三重の夜イカ、束超えラッシュ
志摩のケンサキ 128 杯・
熊野のアカイカ 109 杯・国崎のスルメ 84 杯

8 月に入って、三重の夜の海が沸いている。賢島のむさし丸VIの 半夜イカメタル便は 8 月 2 日に10 名合計 800 杯超・トップ 123 杯、 礫浦の光栄丸は「31 連チャン」の爆釣で 1 人 80〜128 杯。 熊野灘ではアカイカが 72 → 82 → 109 杯と出るたびに数字を伸ばし、国崎のスルメイカも 84 杯。 ケンサキ・アカイカ・スルメ、どの夜イカを選んでも束(100 杯)が見える状態だ。

直近の夜イカ記録を並べる

日付 船宿(港・エリア) イカ 釣果 釣果報告から
8/3 光栄丸(礫浦・伊勢志摩) ケンサキイカ 80〜128 杯 「31 連チャン」の爆釣
8/3 むさし丸VI(賢島・伊勢志摩) ケンサキイカ 116〜125 杯 複数人が 100 杯超え
8/2 むさし丸VI(賢島・伊勢志摩) ケンサキイカ トップ 123 杯 10 名合計 800 杯超
8/1 むさし丸VI(賢島・伊勢志摩) ケンサキイカ 竿頭 98 杯 7 人合計 500 杯超の「フェスティバル」
7/30 えんゆう丸(遊木・東紀州) アカイカ 109 杯 「3 桁釣り」達成
7/29 えんゆう丸(遊木・東紀州) アカイカ 82 杯 順調に上昇中
7/26 えんゆう丸(遊木・東紀州) アカイカ 72 杯 熊野沖で絶好調
8/2 国盛丸(国崎・伊勢志摩) スルメイカ 70 杯 良型交じり
7/22 国盛丸(国崎・伊勢志摩) スルメイカ 40〜84 杯 1 時間早く沖上がりするほどの好調

※ 2026 年 7 月 22 日〜8 月 3 日の各船の釣果報告より。「アカイカ」はこの地方でのケンサキイカの呼び名(本記事では船の報告どおりに表記)。

「初心者全員が自己記録更新」の夜

数字の派手さ以上に注目したいのが、誰が釣ったかだ。 光栄丸の 7 月 26 日は「イカメタル初挑戦の客が中心」で 1 人 20〜30 杯、 30 日は「初心者ばかりの乗船だったが全員が自己記録を更新」、 8 月 2 日には初挑戦の女性が良型を次々キャッチしたと報告されている。 イカメタルは金属製の小さな疑似餌を上下に動かしてイカを誘う釣りで、コツはいるが力は要らない。 いまの志摩沖は、そのコツを覚える前に釣れてしまう密度でケンサキイカが湧いている。

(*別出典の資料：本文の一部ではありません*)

lemma emeasure_UN_image_greaterThanLessThan:
  fixes \<gamma> :: "real \<Rightarrow> 'a::metric_space"
  assumes borel: "sets M = sets borel"
    and cont: "continuous_on {a..b} \<gamma>" and inj: "inj_on \<gamma> {a..b}"
    and bounds: "\<And>i. i \<in> I \<Longrightarrow> a \<le> l i \<and> r i \<le> b"
    and disj: "disjoint_family_on (\<lambda>i. {l i<..<r i}) I" and "finite I"
  shows "emeasure M (\<Union>i\<in>I. \<gamma> ` {l i<..<r i}) = (\<Sum>i\<in>I. emeasure M (\<gamma> ` {l i<..<r i}))"
proof (rule sum_emeasure[symmetric])
  show "(\<lambda>i. \<gamma> ` {l i<..<r i}) ` I \<subseteq> sets M"
    using bounds by (auto intro: sets_image_greaterThanLessThan_subinterval[OF borel cont inj])
  show "disjoint_family_on (\<lambda>i. \<gamma> ` {l i<..<r i}) I"
    unfolding disjoint_family_on_def
  proof (intro ballI impI)
    fix i j assume "i \<in> I" "j \<in> I" "i \<noteq> j"
    then have "\<gamma> ` {l i<..<r i} \<inter> \<gamma> ` {l j<..<r j} = \<gamma> ` ({l i<..<r i} \<inter> {l j<..<r j})"
      using bounds by (intro inj_on_image_Int[symmetric, OF inj]) force+
    also have "\<dots> = {}"
      using disj \<open>i \<in> I\<close> \<open>j \<in> I\<close> \<open>i \<noteq> j\<close> by (simp add: disjoint_family_on_def)
    finally show "\<gamma> ` {l i<..<r i} \<inter> \<gamma> ` {l j<..<r j} = {}" .
  qed
qed fact

lemma abs_continuous_on_if_increments_bounded_by_image_measure:
  fixes \<gamma> :: "real \<Rightarrow> 'a::metric_space" and g :: "real \<Rightarrow> real"
  assumes borel: "sets M = sets borel" and sets_N: "sets N = sets M"
    and cont: "continuous_on {a..b} \<gamma>" and inj: "inj_on \<gamma> {a..b}"
    and length: "\<And>l r. a \<le> l \<Longrightarrow> l \<le> r \<Longrightarrow> r \<le> b \<Longrightarrow>
      emeasure M (\<gamma> ` {l<..<r}) \<le> ennreal (r - l)"
    and increment: "\<And>l r. a \<le> l \<Longrightarrow> l \<le> r \<Longrightarrow> r \<le> b \<Longrightarrow>
      ennreal \<bar>g r - g l\<bar> \<le> emeasure N (\<gamma> ` {l<..<r})"
    and abs_cont: "\<And>e. 0 < e \<Longrightarrow> \<exists>d>0. \<forall>A\<in>sets M. A \<subseteq> \<gamma> ` {a..b} \<longrightarrow>
      emeasure M A < ennreal d \<longrightarrow> emeasure N A < ennreal e"
  shows "abs_continuous_on a b g"
  unfolding abs_continuous_on_def
proof (intro allI impI)
  fix e :: real assume "0 < e"
  then obtain d where "0 < d" and small: "\<forall>A\<in>sets M. A \<subseteq> \<gamma> ` {a..b} \<longrightarrow>
      emeasure M A < ennreal d \<longrightarrow> emeasure N A < ennreal e"
    using abs_cont by blast
  show "\<exists>d>0. \<forall>(n::nat) l r. (\<forall>i<n. a \<le> l i \<and> l i \<le> r i \<and> r i \<le> b) \<longrightarrow>
      (\<forall>i<n. \<forall>j<n. i \<noteq> j \<longrightarrow> {l i<..<r i} \<inter> {l j<..<r j} = {}) \<longrightarrow>
      (\<Sum>i<n. r i - l i) < d \<longrightarrow> (\<Sum>i<n. \<bar>g (r i) - g (l i)\<bar>) < e"
  proof (intro exI[of _ d] conjI allI impI \<open>0 < d\<close>)
    fix n :: nat and l r :: "nat \<Rightarrow> real"
    assume lr: "\<forall>i<n. a \<le> l i \<and> l i \<le> r i \<and> r i \<le> b"
      and disj: "\<forall>i<n. \<forall>j<n. i \<noteq> j \<longrightarrow> {l i<..<r i} \<inter> {l j<..<r j} = {}"
      and short: "(\<Sum>i<n. r i - l i) < d"
    define U where "U = (\<Union>i<n. \<gamma> ` {l i<..<r i})"
    have bounds: "a \<le> l i" "l i \<le> r i" "r i \<le> b" if "i \<in> {..<n}" for i
      using lr that by auto
    have disj': "disjoint_family_on (\<lambda>i. {l i<..<r i}) {..<n}"
      using disj by (auto simp: disjoint_family_on_def)
    have "U \<in> sets M"
      unfolding U_def using bounds
      by (intro sets.finite_UN finite_lessThan ballI
          sets_image_greaterThanLessThan_subinterval[OF borel cont inj]) simp_all
    have "U \<subseteq> \<gamma> ` {a..b}"
      unfolding U_def using bounds by (intro UN_least image_mono) force
    have "emeasure M U = (\<Sum>i<n. emeasure M (\<gamma> ` {l i<..<r i}))"
      unfolding U_def using bounds disj'
      by (intro emeasure_UN_image_greaterThanLessThan[OF borel cont inj]) simp_all
    also have "\<dots> \<le> (\<Sum>i<n. ennreal (r i - l i))"
      using bounds by (intro sum_mono length) simp_all
    also have "\<dots> = ennreal (\<Sum>i<n. r i - l i)"
      using bounds by (intro sum_ennreal) simp
    also have "\<dots> < ennreal d"
      using short \<open>0 < d\<close> by (simp add: ennreal_lessI)
    finally have "emeasure N U < ennreal e"
      using small \<open>U \<in> sets M\<close> \<open>U \<subseteq> \<gamma> ` {a..b}\<close> by simp
    have "ennreal (\<Sum>i<n. \<bar>g (r i) - g (l i)\<bar>) = (\<Sum>i<n. ennreal \<bar>g (r i) - g (l i)\<bar>)"
      by (simp add: sum_ennreal)
    also have "\<dots> \<le> (\<Sum>i<n. emeasure N (\<gamma> ` {l i<..<r i}))"
      using bounds by (intro sum_mono increment) simp_all
    also have "\<dots> = emeasure N U"
      unfolding U_def using bounds disj' sets_N borel
      by (intro emeasure_UN_image_greaterThanLessThan[symmetric, OF _ cont inj]) simp_all
    finally have "ennreal (\<Sum>i<n. \<bar>g (r i) - g (l i)\<bar>) < ennreal e"
      using \<open>emeasure N U < ennreal e\<close> by (rule le_less_trans)
    then show "(\<Sum>i<n. \<bar>g (r i) - g (l i)\<bar>) < e"
      by (simp add: ennreal_less_iff)
  qed
qed

theorem theorem2p4:
  fixes M :: "'a::metric_space measure"
    and f :: "'a \<Rightarrow> real"
    and \<gamma> :: "real \<Rightarrow> 'a"
    and h :: real
    and \<rho> :: "'a \<Rightarrow> real"
  assumes borel_M: "sets M = sets borel"
    and nonatomic: "\<And>x. emeasure M {x} = 0"
    and path: "in_Gamma_mu M \<gamma> 0 h"
    and arclen: "mu_arc_length_param M \<gamma> h"
    and rho_meas: "\<rho> \<in> borel_measurable borel"
    and rho_nonneg: "\<And>x. 0 \<le> \<rho> x"
    and upper: "\<And>s t. 0 \<le> s \<Longrightarrow> s < t \<Longrightarrow> t \<le> h \<Longrightarrow>
        ennreal \<bar>f (\<gamma> s) - f (\<gamma> t)\<bar> \<le> (\<integral>\<^sup>+ x \<in> \<gamma> ` {s..t}. ennreal (\<rho> x) \<partial>M)
        \<and> (\<integral>\<^sup>+ x \<in> \<gamma> ` {s..t}. ennreal (\<rho> x) \<partial>M) < \<infinity>"
  shows "abs_continuous_on 0 h (f \<circ> \<gamma>)"
proof -
  have "0 < h" and cont: "continuous_on {0..h} \<gamma>" and inj: "inj_on \<gamma> {0..h}"
    using path unfolding in_Gamma_mu_def by auto
  have [measurable]: "\<rho> \<in> borel_measurable M"
    using rho_meas borel_M by (simp cong: measurable_cong_sets)
  define N where "N = density M (\<lambda>x. ennreal (\<rho> x))"
  have sets_N: "sets N = sets M"
    by (simp add: N_def)
  have N_image: "emeasure N (\<gamma> ` {s..t}) = (\<integral>\<^sup>+ x \<in> \<gamma> ` {s..t}. ennreal (\<rho> x) \<partial>M)"
    if "0 \<le> s" "t \<le> h" for s t
    using that cont borel_M
    by (simp add: N_def emeasure_density sets_image_atLeastAtMost continuous_on_subset)
  have nonatomic_N: "emeasure N {x} = 0" for x
    using nonatomic borel_M
    by (simp add: N_def emeasure_density)
  show ?thesis
  proof (rule abs_continuous_on_if_increments_bounded_by_image_measure[OF borel_M sets_N cont inj])
    show "emeasure M (\<gamma> ` {l<..<r}) \<le> ennreal (r - l)" if "0 \<le> l" "l \<le> r" "r \<le> h" for l r
      using emeasure_image_greaterThanLessThan_le_arc_length[OF borel_M arclen cont inj that] .
    show "ennreal \<bar>(f \<circ> \<gamma>) r - (f \<circ> \<gamma>) l\<bar> \<le> emeasure N (\<gamma> ` {l<..<r})"
      if "0 \<le> l" "l \<le> r" "r \<le> h" for l r
    proof (cases "l = r")
      case False
      then have "ennreal \<bar>(f \<circ> \<gamma>) r - (f \<circ> \<gamma>) l\<bar> \<le> emeasure N (\<gamma> ` {l..r})"
        using upper[of l r] N_image[of l r] that by (simp add: abs_minus_commute)
      also have "\<dots> = emeasure N (\<gamma> ` {l<..<r})"
        using that borel_M sets_N
        by (intro emeasure_image_atLeastAtMost_nonatomic nonatomic_N continuous_on_subset[OF cont]
            inj_on_subset[OF inj]) auto
      finally show ?thesis .
    qed simp
    show "\<exists>d>0. \<forall>A\<in>sets M. A \<subseteq> \<gamma> ` {0..h} \<longrightarrow>
        emeasure M A < ennreal d \<longrightarrow> emeasure N A < ennreal e" if "0 < e" for e
      unfolding N_def using that upper[of 0 h] N_image[of 0 h] \<open>0 < h\<close> cont borel_M
      by (intro emeasure_density_absolutely_continuous) (auto simp: N_def sets_image_atLeastAtMost)
  qed
qed

end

東紀州・遊木のえんゆう丸のアカイカは 72 杯(7/26)→ 82 杯(7/29)→ 109 杯(7/30)と出船のたびに記録を更新する尻上がり。 国崎の国盛丸のスルメイカ便は 7 月 22 日に 「1 時間早く沖上がりするほど」釣れ、報告には「天日干しもよく乾く陽気」という一文もあった。 釣って良し、干して良しの夏イカらしい楽しみ方まで含めて絶好調と言える。

お盆はちょうど新月 ─ 夜イカの条件が揃う

夜のイカ釣りは、船の集魚灯に集まるプランクトンと小魚をイカが追ってくる仕組みで成り立っている。 そのため月明かりが強い満月回りは灯りの効果が薄れ、月のない新月回りがもっとも有利とされる。 今年のお盆(8 月 13〜16 日)はちょうど新月をまたぐ並びで、 先日のスルメイカのコラムでも触れたとおり、 夜イカの条件が年間でも指折りに揃う期間になる。

お盆(8/13〜16)に三重の夜イカに乗るなら
  • お盆は新月回り。月明かりがなく集魚灯が効く、夜イカのベスト条件
  • 数もサイズも狙うなら志摩沖のケンサキ(イカメタル)。初心者の束超え・自己記録更新の実績が続く
  • 半夜便(夕方出船〜夜帰港)が中心なので日中の炎天下を避けられる。夏の船釣りとしては体にやさしい
  • 釣ったイカは刺身・沖漬け・一夜干しと外れなし。クーラーと保冷剤はしっかりと
  • 新月×お盆は夜イカ便がいちばん混む組み合わせ。予約はできるだけ早く

直近は台風のうねりで出船を見合わせる日もあったが、イカの群れ自体は7月から途切れずに濃い。 海が落ち着いてくれさえすれば、新月回りのお盆は今シーズンの夜イカのハイライトになる可能性が高い。